As for for many big companies starting as indies. I'm not arguing "indie" didn't exist back then, my point was that it was too expensive for most people to be indie. The fact that we had 10-20 "indie" studios (kinda hard to call them indie when most of the time they also ended up being publishers for other studios) back in the day and now we have thousands of indie studios supports my point that it is easier to be indie today than it was when physical media was dominant. Part of it is because of easier development tools, part of it is easier publishing.
The vibes on this game were on point. Great game and I really really really hope they’re making another one. Preferably with workshop and mod support! And DLCs! I wanna tear more ships apart! RIP AND TEAR UNTIL IT IS DONE
I've got 500hrs in that game! This is the best news I've heard all year 😆 Signed up for the Pioneer Program immediately, of course without reading the T&C's properly, just like any loyal LYNX employee should! Oh boy, can't wait to "disagree and commit" some more.
Era One (very recently into early acces) feels a LOT like homeworld 2 used to. But the “build your big ships from blocks” is definitely something you need to get used to, and need to like.
And it’s from the Homeworld Complex people, who do not exactly have the best trackrecord in developing.
Best gaming news I’ve heard in a while. This was a fantastic new IP and really shows a lot of promise for future games. Really excited to see where they take this world.
Worried Blackbird was a publisher for a moment. Shipbreaker is great.

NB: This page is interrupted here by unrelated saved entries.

(* Let $A$ be a Poisson algebra over a field $k$ of characteristic zero which is generated as a $k$-algebra by a Poisson subalgebra $B$ together with a single element $x$. Assume that $A$ supports a rational Poisson action of a torus $H=(k^\times)^r$ such that $B$ is $H$-stable and $x$ is an $H$-eigenvector. Assume moreover that there is $\eta_0\in\mathfrak h=\operatorname{Lie}H$ such that $\{x,b\}-(\eta_0.b)x\in B$ for all $b\in B$, and such that the $\eta_0$-eigenvalue of $x$ is nonzero. Then $A$ has at most twice as many $H$-stable Poisson prime ideals as $B$.
   Context: A rational Poisson action of $H=(k^\times)^r$ on $A$ is an action by Poisson automorphisms such that $A$ is the direct sum of its $H$-eigenspaces $A_x$, $x\in X(H)\cong\mathbb Z^r$ (with $(m_i)$ corresponding to the character $h\mapsto\prod h_i^{m_i}$). $\mathfrak h=\operatorname{Lie}H=k^r$ acts on $A$ by $\eta.a=(\eta|x)a$ for $a\in A_x$ (dot product); $(\eta|x)$ is called the $\eta$-eigenvalue of $a$. A Poisson prime ideal is a prime ideal $P$ with $\{A,P\}\subseteq P$. *)

theory Defs
  imports Main
begin

definition k_algebra :: "('k::field \<Rightarrow> 'a::comm_ring_1 \<Rightarrow> 'a) \<Rightarrow> bool" where
  "k_algebra scale \<longleftrightarrow>
     (\<forall>c a b. scale c (a + b) = scale c a + scale c b)
   \<and> (\<forall>c d a. scale (c + d) a = scale c a + scale d a)
   \<and> (\<forall>c d a. scale c (scale d a) = scale (c * d) a)
   \<and> (\<forall>a. scale 1 a = a)
   \<and> (\<forall>c a b. scale c (a * b) = scale c a * b)"

definition poisson_algebra ::
  "('k::field \<Rightarrow> 'a::comm_ring_1 \<Rightarrow> 'a) \<Rightarrow> ('a \<Rightarrow> 'a \<Rightarrow> 'a) \<Rightarrow> bool" where
  "poisson_algebra scale br \<longleftrightarrow> k_algebra scale
     \<and> (\<forall>a b c. br (a + b) c = br a c + br b c)
     \<and> (\<forall>a b c. br a (b + c) = br a b + br a c)
     \<and> (\<forall>s a b. br (scale s a) b = scale s (br a b))
     \<and> (\<forall>s a b. br a (scale s b) = scale s (br a b))
     \<and> (\<forall>a. br a a = 0)
     \<and> (\<forall>a b c. br a (br b c) + br b (br c a) + br c (br a b) = 0)
     \<and> (\<forall>a b c. br a (b * c) = br a b * c + b * br a c)"

definition k_subalgebra :: "('k::field \<Rightarrow> 'a::comm_ring_1 \<Rightarrow> 'a) \<Rightarrow> 'a set \<Rightarrow> bool" where
  "k_subalgebra scale S \<longleftrightarrow> 1 \<in> S \<and> 0 \<in> S
     \<and> (\<forall>a\<in>S. \<forall>b\<in>S. a + b \<in> S \<and> a * b \<in> S)
     \<and> (\<forall>a\<in>S. - a \<in> S)
     \<and> (\<forall>c. \<forall>a\<in>S. scale c a \<in> S)"

definition poisson_subalgebra ::
  "('k::field \<Rightarrow> 'a::comm_ring_1 \<Rightarrow> 'a) \<Rightarrow> ('a \<Rightarrow> 'a \<Rightarrow> 'a) \<Rightarrow> 'a set \<Rightarrow> bool" where
  "poisson_subalgebra scale br S \<longleftrightarrow> k_subalgebra scale S
     \<and> (\<forall>a\<in>S. \<forall>b\<in>S. br a b \<in> S)"

definition generated_subalgebra ::
  "('k::field \<Rightarrow> 'a::comm_ring_1 \<Rightarrow> 'a) \<Rightarrow> 'a set \<Rightarrow> 'a set" where
  "generated_subalgebra scale G = \<Inter> {S. k_subalgebra scale S \<and> G \<subseteq> S}"

text \<open>Poisson prime ideals of a subalgebra S (S = UNIV for the whole algebra).\<close>

definition ideal_in :: "'a::comm_ring_1 set \<Rightarrow> 'a set \<Rightarrow> bool" where
  "ideal_in S P \<longleftrightarrow> P \<subseteq> S \<and> 0 \<in> P \<and> (\<forall>a\<in>P. \<forall>b\<in>P. a + b \<in> P)
     \<and> (\<forall>s\<in>S. \<forall>p\<in>P. s * p \<in> P)"

definition prime_ideal_in :: "'a::comm_ring_1 set \<Rightarrow> 'a set \<Rightarrow> bool" where
  "prime_ideal_in S P \<longleftrightarrow> ideal_in S P \<and> P \<noteq> S
     \<and> (\<forall>a\<in>S. \<forall>b\<in>S. a * b \<in> P \<longrightarrow> a \<in> P \<or> b \<in> P)"

definition poisson_prime_in :: "('a::comm_ring_1 \<Rightarrow> 'a \<Rightarrow> 'a) \<Rightarrow> 'a set \<Rightarrow> 'a set \<Rightarrow> bool" where
  "poisson_prime_in br S P \<longleftrightarrow> prime_ideal_in S P \<and> (\<forall>s\<in>S. \<forall>p\<in>P. br s p \<in> P)"

text \<open>The torus H = (k^x)^r, elements represented as h :: nat => 'k with h i \<noteq> 0 for i < r
  and h i = 1 for i \<ge> r.\<close>

definition torus :: "nat \<Rightarrow> (nat \<Rightarrow> 'k::field) set" where
  "torus r = {h. (\<forall>i<r. h i \<noteq> 0) \<and> (\<forall>i. r \<le> i \<longrightarrow> h i = 1)}"

definition char_lattice :: "nat \<Rightarrow> (nat \<Rightarrow> int) set" where
  "char_lattice r = {m. \<forall>i. r \<le> i \<longrightarrow> m i = 0}"

definition character :: "nat \<Rightarrow> (nat \<Rightarrow> int) \<Rightarrow> (nat \<Rightarrow> 'k::field) \<Rightarrow> 'k" where
  "character r m h = (\<Prod>i<r. h i powi m i)"

definition poisson_torus_action ::
  "('k::field \<Rightarrow> 'a::comm_ring_1 \<Rightarrow> 'a) \<Rightarrow> ('a \<Rightarrow> 'a \<Rightarrow> 'a) \<Rightarrow> nat
     \<Rightarrow> ((nat \<Rightarrow> 'k) \<Rightarrow> 'a \<Rightarrow> 'a) \<Rightarrow> bool" where
  "poisson_torus_action scale br r act \<longleftrightarrow>
     (\<forall>a. act (\<lambda>_. 1) a = a)
   \<and> (\<forall>g\<in>torus r. \<forall>h\<in>torus r. \<forall>a. act (\<lambda>i. g i * h i) a = act g (act h a))
   \<and> (\<forall>h\<in>torus r. bij (act h)
        \<and> act h 1 = 1
        \<and> (\<forall>a b. act h (a + b) = act h a + act h b)
        \<and> (\<forall>a b. act h (a * b) = act h a * act h b)
        \<and> (\<forall>c a. act h (scale c a) = scale c (act h a))
        \<and> (\<forall>a b. act h (br a b) = br (act h a) (act h b)))"

definition eigenspace ::
  "('k::field \<Rightarrow> 'a::comm_ring_1 \<Rightarrow> 'a) \<Rightarrow> nat \<Rightarrow> ((nat \<Rightarrow> 'k) \<Rightarrow> 'a \<Rightarrow> 'a)
     \<Rightarrow> (nat \<Rightarrow> int) \<Rightarrow> 'a set" where
  "eigenspace scale r act m = {a. \<forall>h\<in>torus r. act h a = scale (character r m h) a}"

definition weight_decomp ::
  "('k::field \<Rightarrow> 'a::comm_ring_1 \<Rightarrow> 'a) \<Rightarrow> nat \<Rightarrow> ((nat \<Rightarrow> 'k) \<Rightarrow> 'a \<Rightarrow> 'a)
     \<Rightarrow> 'a \<Rightarrow> ((nat \<Rightarrow> int) \<Rightarrow> 'a) \<Rightarrow> bool" where
  "weight_decomp scale r act a f \<longleftrightarrow>
     (\<forall>m. m \<notin> char_lattice r \<longrightarrow> f m = 0)
   \<and> finite {m. f m \<noteq> 0}
   \<and> (\<forall>m. f m \<in> eigenspace scale r act m)
   \<and> a = sum f {m. f m \<noteq> 0}"

text \<open>Rational Poisson action: action by Poisson automorphisms such that A is the direct sum
  of its H-eigenspaces (every element has a unique eigen-decomposition).\<close>

definition rational_poisson_action ::
  "('k::field \<Rightarrow> 'a::comm_ring_1 \<Rightarrow> 'a) \<Rightarrow> ('a \<Rightarrow> 'a \<Rightarrow> 'a) \<Rightarrow> nat
     \<Rightarrow> ((nat \<Rightarrow> 'k) \<Rightarrow> 'a \<Rightarrow> 'a) \<Rightarrow> bool" where
  "rational_poisson_action scale br r act \<longleftrightarrow>
     poisson_torus_action scale br r act
   \<and> (\<forall>a. \<exists>!f. weight_decomp scale r act a f)"

text \<open>Pairing (eta | m) of h = k^r with X(H) = Z^r, and the induced action of h on A:
  eta.a = (eta|m) a for a \<in> A_m, extended linearly.\<close>

definition pairing :: "nat \<Rightarrow> (nat \<Rightarrow> 'k::field) \<Rightarrow> (nat \<Rightarrow> int) \<Rightarrow> 'k" where
  "pairing r eta m = (\<Sum>i<r. eta i * of_int (m i))"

I beat it twice (normally and no clones) and still play for relaxation. Captain Shack mentioned it during a stream a few days back and I was just thinking how it’s probably the only game where i’d actually willingly buy a DLC for a new set of ships or a sequel with the ability to add ships as workshop mods.
This is one of the few games I keep installed and jump back to just as a chill game that requires no intense planning or strategy. The mechanics are simple, well executed, and easy to pick back up after not playing for a while. So many games have tons of complex mechanics that are fine when you’re playing it, but hard to remember if you haven’t touched it in a while.